* ASSIGNED TASK:
There is one span to output from the data below: the lines starting at the line with "(wi s *\<^sub>R apply_bcontfun v" and ending at the line with "t = x0 + P (h". Output it exactly, ends included, nothing more.

* Stored items:
text \<open>The Picard operator acts on bounded continuous functions on \<open>\<real>\<close>, extended constantly outside
  \<open>[a, b]\<close>, in the weighted representation \<open>u s = exp (-2K\<bar>s - t\<^sub>0\<bar>) x s\<close>.\<close>

lemma ode_exists_Icc:
  fixes F :: "real \<Rightarrow> 'a::euclidean_space \<Rightarrow> 'a"
  assumes ab: "t0 \<in> {a..b}"
    and cont: "\<And>y. continuous_on {a..b} y \<Longrightarrow> continuous_on {a..b} (\<lambda>s. F s (y s))"
    and lip: "\<And>s x y. s \<in> {a..b} \<Longrightarrow> norm (F s x - F s y) \<le> L * norm (x - y)"
  shows "\<exists>x. x t0 = x0 \<and> (\<forall>t\<in>{a..b}. (x has_vector_derivative F t (x t)) (at t within {a..b}))"
proof -
  define K where "K = max L 0 + 1"
  have K: "K > 0" unfolding K_def by auto
  have lipK: "norm (F s x - F s y) \<le> K * norm (x - y)" if "s \<in> {a..b}" for s x y
  proof -
    have "L * norm (x - y) \<le> K * norm (x - y)" unfolding K_def by (intro mult_right_mono) auto
    then show ?thesis using lip[OF that, of x y] by linarith
  qed
  define w where "w s = exp (- (2*K*\<bar>s - t0\<bar>))" for s
  define wi where "wi s = exp (2*K*\<bar>s - t0\<bar>)" for s
  have wwi: "w s * wi s = 1" for s unfolding w_def wi_def by (simp add: exp_minus field_simps)
  define h where "h u s = F s (wi s *\<^sub>R apply_bcontfun u s)" for u :: "real \<Rightarrow>\<^sub>C 'a" and s
  have hc: "continuous_on {a..b} (h u)" for u
    unfolding h_def wi_def by (intro cont continuous_intros continuous_on_subset[OF continuous_on_apply_bcontfun]) auto
  define P where "P g t = integral {a..t} g - integral {a..t0} g" for g :: "real \<Rightarrow> 'a" and t
  define f where "f u t = w t *\<^sub>R (x0 + P (h u) t)" for u t
  have "continuous_on {a..b} (f u)" for u
  proof -
    have "continuous_on {a..b} (\<lambda>t. integral {a..t} (h u))"
      by (intro indefinite_integral_continuous_1 integrable_continuous_real hc)
    then show ?thesis unfolding f_def P_def w_def by (intro continuous_intros)
  qed
  then have "\<exists>g. \<forall>t. apply_bcontfun g t = f u (clamp a b t)" for u
    using continuous_on_cbox_bcontfunE[of a b "f u"] by (metis cbox_interval)
  then obtain T where Tapp: "\<And>u t. apply_bcontfun (T u) t = f u (clamp a b t)" by metis
  have cl: "clamp a b t \<in> {a..b}" for t using clamp_in_interval[of a b t] ab by (simp add: cbox_interval)
  have contr: "dist (T u) (T v) \<le> 1/2 * dist u v" for u v
  proof (rule dist_bound)
    fix t
    have "w (clamp a b t) * norm (P (h u) (clamp a b t) - P (h v) (clamp a b t)) \<le> dist u v / 2"
      unfolding w_def h_def P_def
    proof (rule picard_weighted_contraction[OF ab cl K _ _ lipK])
      show "continuous_on {a..b} (\<lambda>s. F s (wi s *\<^sub>R apply_bcontfun u s))"
        "continuous_on {a..b} (\<lambda>s. F s (wi s *\<^sub>R apply_bcontfun v s))"
        using hc unfolding h_def by auto
      fix s
      have "norm (wi s *\<^sub>R apply_bcontfun u s - wi s *\<^sub>R apply_bcontfun v s)
          = wi s * dist (apply_bcontfun u s) (apply_bcontfun v s)"
        by (simp add: dist_norm wi_def scaleR_diff_right[symmetric])
      also have "\<dots> \<le> wi s * dist u v" by (intro mult_left_mono dist_bounded) (auto simp: wi_def)
      finally show "norm (wi s *\<^sub>R apply_bcontfun u s - wi s *\<^sub>R apply_bcontfun v s)
          \<le> dist u v * exp (2 * K * \<bar>s - t0\<bar>)" by (simp add: wi_def mult.commute)
    qed
    then show "dist (apply_bcontfun (T u) t) (apply_bcontfun (T v) t) \<le> 1/2 * dist u v"
      unfolding Tapp f_def dist_norm by (simp add: scaleR_diff_right[symmetric] w_def)
  qed
  obtain u where u: "T u = u"
    using banach_fix_type[of "1/2" T] contr by auto
  define x where "x t = wi t *\<^sub>R apply_bcontfun u t" for t
  have hx: "h u = (\<lambda>s. F s (x s))" unfolding h_def x_def by simp
  have "x t = x0 + P (h u) t" if "t \<in> {a..b}" for t
    using Tapp[of u t] u that wwi[of t] unfolding x_def f_def
    by (simp add: cbox_interval mult.commute)
  then show ?thesis
    using integral_equation_imp_ode[OF ab, of F x x0] hc[of u] unfolding hx P_def by blast
qed

lemma is_interval_lower_nbhd:
  fixes I :: "real set"
  assumes I: "is_interval I" and t: "t \<in> I" and t0: "t0 \<in> I"
  shows "\<exists>a\<in>I. a \<le> t0 \<and> a \<le> t \<and> (\<exists>\<delta>>0. \<forall>s\<in>I. dist s t < \<delta> \<longrightarrow> a \<le> s)"
proof (cases "\<exists>s\<in>I. s < t")
  case True
  then obtain s1 where s1: "s1 \<in> I" "s1 < t" by auto
  define a where "a = min s1 t0"
  have aI: "a \<in> I" using s1 t0 by (simp add: a_def min_def)
  show ?thesis
  proof (intro bexI[OF _ aI] conjI exI[of _ "t - a"] ballI impI)
    show "a \<le> t0" "a \<le> t" "0 < t - a" using s1 by (auto simp: a_def)
    fix s assume "s \<in> I" "dist s t < t - a"
    then show "a \<le> s" by (auto simp: dist_real_def)
  qed
next
  case False
  then have "t \<le> t0" using t0 by force
  show ?thesis
  proof (intro bexI[OF _ t] conjI exI[of _ 1] ballI impI)
    show "t \<le> t0" by fact
    fix s assume "s \<in> I" then show "t \<le> s" using False by force
  qed auto
qed

lemma is_interval_upper_nbhd:
  fixes I :: "real set"
  assumes I: "is_interval I" and t: "t \<in> I" and t0: "t0 \<in> I"
  shows "\<exists>b\<in>I. t0 \<le> b \<and> t \<le> b \<and> (\<exists>\<delta>>0. \<forall>s\<in>I. dist s t < \<delta> \<longrightarrow> s \<le> b)"
proof (cases "\<exists>s\<in>I. t < s")
  case True
  then obtain s1 where s1: "s1 \<in> I" "t < s1" by auto
  define b where "b = max s1 t0"
  have bI: "b \<in> I" using s1 t0 by (simp add: b_def max_def)
  show ?thesis
  proof (intro bexI[OF _ bI] conjI exI[of _ "b - t"] ballI impI)
    show "t0 \<le> b" "t \<le> b" "0 < b - t" using s1 by (auto simp: b_def)
    fix s assume "s \<in> I" "dist s t < b - t"
    then show "s \<le> b" by (auto simp: dist_real_def)
  qed
next
  case False
  then have "t0 \<le> t" using t0 by force
  show ?thesis
  proof (intro bexI[OF _ t] conjI exI[of _ 1] ballI impI)
    show "t0 \<le> t" by fact
    fix s assume "s \<in> I" then show "s \<le> t" using False by force
  qed auto
qed

lemma is_interval_Icc_nbhd:
  fixes I :: "real set"
  assumes I: "is_interval I" and t: "t \<in> I" and t0: "t0 \<in> I"
  shows "\<exists>a b \<delta>. a \<in> I \<and> b \<in> I \<and> a \<le> t0 \<and> t0 \<le> b \<and> t \<in> {a..b} \<and> \<delta> > 0 \<and>
            (\<forall>s\<in>I. dist s t < \<delta> \<longrightarrow> s \<in> {a..b})"
proof -
  obtain a d1 where a: "a \<in> I" "a \<le> t0" "a \<le> t" "d1 > 0" "\<forall>s\<in>I. dist s t < d1 \<longrightarrow> a \<le> s"
    using is_interval_lower_nbhd[OF assms] by blast
  obtain b d2 where b: "b \<in> I" "t0 \<le> b" "t \<le> b" "d2 > 0" "\<forall>s\<in>I. dist s t < d2 \<longrightarrow> s \<le> b"
    using is_interval_upper_nbhd[OF assms] by blast
  show ?thesis
    by (rule exI[of _ a], rule exI[of _ b], rule exI[of _ "min d1 d2"]) (use a b in auto)
qed

text \<open>Solutions on compact subintervals containing \<open>t\<^sub>0\<close> agree where they overlap, and every
  point of \<open>I\<close> has a neighbourhood in \<open>I\<close> covered by one of them.\<close>

lemma ode_exists_interval:
  fixes F :: "real \<Rightarrow> 'a::euclidean_space \<Rightarrow> 'a"
  assumes I: "is_interval I" and t0: "t0 \<in> I"
    and cont: "\<And>a b y. {a..b} \<subseteq> I \<Longrightarrow> continuous_on {a..b} y \<Longrightarrow> continuous_on {a..b} (\<lambda>s. F s (y s))"
    and lip: "\<And>a b. {a..b} \<subseteq> I \<Longrightarrow> \<exists>L. \<forall>s\<in>{a..b}. \<forall>x y. norm (F s x - F s y) \<le> L * norm (x - y)"
  shows "\<exists>x. x t0 = x0 \<and> (\<forall>t\<in>I. (x has_vector_derivative F t (x t)) (at t within I))"
proof -
  define G where "G a b \<longleftrightarrow> a \<in> I \<and> b \<in> I \<and> a \<le> t0 \<and> t0 \<le> b" for a b
  define solves where "solves a b x \<longleftrightarrow>
    x t0 = x0 \<and> (\<forall>t\<in>{a..b}. (x has_vector_derivative F t (x t)) (at t within {a..b}))" for a b x
  define sol where "sol a b = (SOME x. solves a b x)" for a b
  have sub: "G a b \<Longrightarrow> {a..b} \<subseteq> I" for a b
    unfolding G_def using I is_interval_Icc_subset by blast
  have sol: "solves a b (sol a b)" if gab: "G a b" for a b
  proof -
    obtain L where "\<forall>s\<in>{a..b}. \<forall>x y. norm (F s x - F s y) \<le> L * norm (x - y)"
      using lip[OF sub[OF gab]] by blast
    then have "\<exists>x. solves a b x"
      unfolding solves_def
      by (intro ode_exists_Icc[where L=L]) (use gab cont[OF sub[OF gab]] in \<open>auto simp: G_def\<close>)
    then show ?thesis unfolding sol_def by (rule someI_ex)
  qed
  have agree: "sol a b t = sol a' b' t"
    if g: "G a b" "G a' b'" and t: "t \<in> {a..b}" "t \<in> {a'..b'}" for a b a' b' t
  proof -
    define M where "M = {max a a'..min b b'}"
    have M: "M \<subseteq> {a..b}" "M \<subseteq> {a'..b'}" unfolding M_def by auto
    obtain L where L: "\<forall>s\<in>{a..b}. \<forall>x y. norm (F s x - F s y) \<le> L * norm (x - y)"
      using lip[OF sub[OF g(1)]] by blast
    have "\<forall>t\<in>M. sol a b t = sol a' b' t"
    proof (rule ode_solutions_agree[where F=F and L=L])
      show "is_interval M" "t0 \<in> M" unfolding M_def using g by (auto simp: G_def)
      show "sol a b t0 = sol a' b' t0" using sol[OF g(1)] sol[OF g(2)] by (simp add: solves_def)
      show "\<forall>s\<in>M. (sol a b has_vector_derivative F s (sol a b s)) (at s within M)"
        "\<forall>s\<in>M. (sol a' b' has_vector_derivative F s (sol a' b' s)) (at s within M)"
        using sol[OF g(1)] sol[OF g(2)] M unfolding solves_def
        by (auto intro: has_vector_derivative_within_subset)
    qed (use L M in auto)
    moreover have "t \<in> M" using t unfolding M_def by auto
    ultimately show ?thesis by simp
  qed
  have "\<forall>t\<in>I. \<exists>a b \<delta>. G a b \<and> t \<in> {a..b} \<and> \<delta> > 0 \<and> (\<forall>s\<in>I. dist s t < \<delta> \<longrightarrow> s \<in> {a..b})"
    using is_interval_Icc_nbhd[OF I _ t0] unfolding G_def by blast
  then obtain a b \<delta> where ab: "\<And>t. t \<in> I \<Longrightarrow> G (a t) (b t)" "\<And>t. t \<in> I \<Longrightarrow> t \<in> {a t..b t}"
    and \<delta>: "\<And>t. t \<in> I \<Longrightarrow> \<delta> t > 0" "\<And>t. t \<in> I \<Longrightarrow> \<forall>s\<in>I. dist s t < \<delta> t \<longrightarrow> s \<in> {a t..b t}"
    by metis
  define x where "x t = sol (a t) (b t) t" for t
  show ?thesis
  proof (intro exI[of _ x] conjI ballI)
    show "x t0 = x0" unfolding x_def using sol[OF ab(1)[OF t0]] by (simp add: solves_def)
    fix t assume t: "t \<in> I"
    define N where "N = I \<inter> ball t (\<delta> t)"
    have N: "N \<subseteq> {a t..b t}" using \<delta>(2)[OF t] unfolding N_def by (auto simp: dist_commute)
    have eq: "sol (a t) (b t) s = x s" if "s \<in> N" for s
      unfolding x_def using that N agree[OF ab(1)[OF t] ab(1) _ ab(2)] unfolding N_def by auto
    have tN: "t \<in> N" using t \<delta>(1)[OF t] unfolding N_def by auto
    have "(sol (a t) (b t) has_vector_derivative F t (sol (a t) (b t) t)) (at t within {a t..b t})"
      using sol[OF ab(1)[OF t]] ab(2)[OF t] unfolding solves_def by blast
    then have "(sol (a t) (b t) has_vector_derivative F t (x t)) (at t within {a t..b t})"
      by (simp only: eq[OF tN])
    then have "(x has_vector_derivative F t (x t)) (at t within N)"
      by (rule has_vector_derivative_weaken[OF _ tN N eq])
    moreover have "at t within N = at t within I"
      unfolding N_def by (rule at_within_nhd[where S="ball t (\<delta> t)"]) (use \<delta>(1)[OF t] in auto)
    ultimately show "(x has_vector_derivative F t (x t)) (at t within I)" by simp
  qed
qed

* RESULT OF THE EXERCISE:
        "continuous_on {a..b} (\<lambda>s. F s (wi s *\<^sub>R apply_bcontfun v s))"
        using hc unfolding h_def by auto
      fix s
      have "norm (wi s *\<^sub>R apply_bcontfun u s - wi s *\<^sub>R apply_bcontfun v s)
          = wi s * dist (apply_bcontfun u s) (apply_bcontfun v s)"
        by (simp add: dist_norm wi_def scaleR_diff_right[symmetric])
      also have "\<dots> \<le> wi s * dist u v" by (intro mult_left_mono dist_bounded) (auto simp: wi_def)
      finally show "norm (wi s *\<^sub>R apply_bcontfun u s - wi s *\<^sub>R apply_bcontfun v s)
          \<le> dist u v * exp (2 * K * \<bar>s - t0\<bar>)" by (simp add: wi_def mult.commute)
    qed
    then show "dist (apply_bcontfun (T u) t) (apply_bcontfun (T v) t) \<le> 1/2 * dist u v"
      unfolding Tapp f_def dist_norm by (simp add: scaleR_diff_right[symmetric] w_def)
  qed
  obtain u where u: "T u = u"
    using banach_fix_type[of "1/2" T] contr by auto
  define x where "x t = wi t *\<^sub>R apply_bcontfun u t" for t
  have hx: "h u = (\<lambda>s. F s (x s))" unfolding h_def x_def by simp
  have "x t = x0 + P (h u) t" if "t \<in> {a..b}" for t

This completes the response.